# vLLM Remote Testing - Clean Setup

This notebook tests vLLM queries via WebIDE backend from a remote Jupyter server on EC2.

## Setup Requirements:
1. Jupyter server running on EC2
2. SSH tunnel active
3. WebIDE running on EC2

## SIMPLIFIED Setup - No SSH Needed!

**Since SSH authentication is problematic, let's use the simple approach:**

### Step 1: Use This Notebook Locally
- Just run this notebook in VS Code locally (no SSH tunnel needed)
- It will connect directly to your WebIDE on EC2

### Step 2: Make Sure WebIDE is Running
- Your WebIDE should be running on: `http://10.230.0.178:3001`
- That's it! No SSH, no tunnels, no complications.

### Why This Works:
- Tests the exact same `/api/vllm/completions` endpoint
- Uses the same request format as your WebIDE frontend
- Much simpler setup!

In [3]:
# SIMPLIFIED: Connect directly to WebIDE on EC2 (no SSH tunnel)
import requests
import json
from typing import Dict, Any, List

# Direct connection to your WebIDE on EC2
BASE_URL = "http://10.230.0.178:3001"
COMPLETIONS_ENDPOINT = f"{BASE_URL}/api/vllm/completions"
MODELS_ENDPOINT = f"{BASE_URL}/api/vllm/models"

HEADERS = {
    "Content-Type": "application/json"
}

print("🎯 SIMPLE APPROACH: Local Jupyter → EC2 WebIDE")
print(f"🌐 WebIDE URL: {BASE_URL}")
print(f"🚀 Testing endpoint: {COMPLETIONS_ENDPOINT}")
print("📝 No SSH tunnels, no complications!")

# Test connection
try:
    response = requests.get(f"{BASE_URL}", timeout=10)
    print(f"✅ WebIDE is reachable! Status: {response.status_code}")
except Exception as e:
    print(f"❌ Cannot reach WebIDE: {e}")
    print("🔧 Make sure WebIDE is running on EC2")

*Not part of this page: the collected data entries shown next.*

lemma keys_mset_binomial:
  assumes "X \<noteq> Y"
  shows "Poly_Mapping.keys (mset_monomial X - mset_monomial Y :: ('a, 'k::comm_ring_1) mpoly)
    = {pm_of_mset X, pm_of_mset Y}"
proof -
  have "Poly_Mapping.lookup (mset_monomial X - mset_monomial Y :: ('a, 'k) mpoly) m
      = (if m = pm_of_mset X then 1 else if m = pm_of_mset Y then -1 else 0)" for m
    using assms by (simp add: mset_monomial_def lookup_minus lookup_single when_def)
  then show ?thesis
    by (auto simp: in_keys_iff split: if_splits)
qed

lemma total_degree_mset_binomial:
  assumes "X \<noteq> Y"
  shows "total_degree (mset_monomial X - mset_monomial Y :: ('a, 'k::comm_ring_1) mpoly) = max (size X) (size Y)"
proof -
  have "(\<Sum>v\<in>Poly_Mapping.keys (pm_of_mset Z). Poly_Mapping.lookup (pm_of_mset Z) v) = size Z" for Z :: "'a multiset"
    by (simp add: size_multiset_overloaded_eq)
  then show ?thesis
    unfolding total_degree_def keys_mset_binomial[OF assms] by simp
qed

lemma mset_binomial_mem_toric_ideal:
  assumes "set_mset X \<subseteq> E" "set_mset Y \<subseteq> E" "vertex_mset X = vertex_mset Y"
  shows "(mset_monomial X - mset_monomial Y :: (nat set, 'k::field) mpoly) \<in> toric_ideal E"
proof -
  have "mset_monomial X - mset_monomial Y \<in> (poly_ring_on E :: (nat set, 'k) mpoly set)"
    using assms(1,2) unfolding mset_monomial_def by (intro poly_ring_on_diff single_mem_poly_ring_on) simp_all
  moreover have "map_monomials edge_degrees (mset_monomial X - mset_monomial Y :: (nat set, 'k) mpoly) = 0"
    using assms(3) by (simp add: mset_monomial_def map_monomials_diff edge_degrees_def)
  ultimately show ?thesis
    by (simp add: toric_ideal_def hyper_hom_eq_map_monomials)
qed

🎯 SIMPLE APPROACH: Local Jupyter → EC2 WebIDE
🌐 WebIDE URL: http://10.230.0.178:3001
🚀 Testing endpoint: http://10.230.0.178:3001/api/vllm/completions
📝 No SSH tunnels, no complications!
✅ WebIDE is reachable! Status: 200


In [4]:
# Check available models (using the working URL)
import time

def get_available_models() -> List[str]:
    """Get available models from WebIDE backend."""
    try:
        print(f"🔍 Checking models: {MODELS_ENDPOINT}")
        response = requests.get(MODELS_ENDPOINT, headers=HEADERS, timeout=10)
        response.raise_for_status()
        
        models_data = response.json()
        models = [model['id'] for model in models_data.get('data', [])]
        
        print(f"✅ Found {len(models)} models:")
        for i, model in enumerate(models, 1):
            print(f"  {i}. {model}")
        
        return models
    
    except Exception as e:
        print(f"❌ Error: {e}")
        return []

# ENHANCED execution guard with timestamp to prevent any duplicates
current_time = time.time()
execution_key = f"models_fetched_{current_time}"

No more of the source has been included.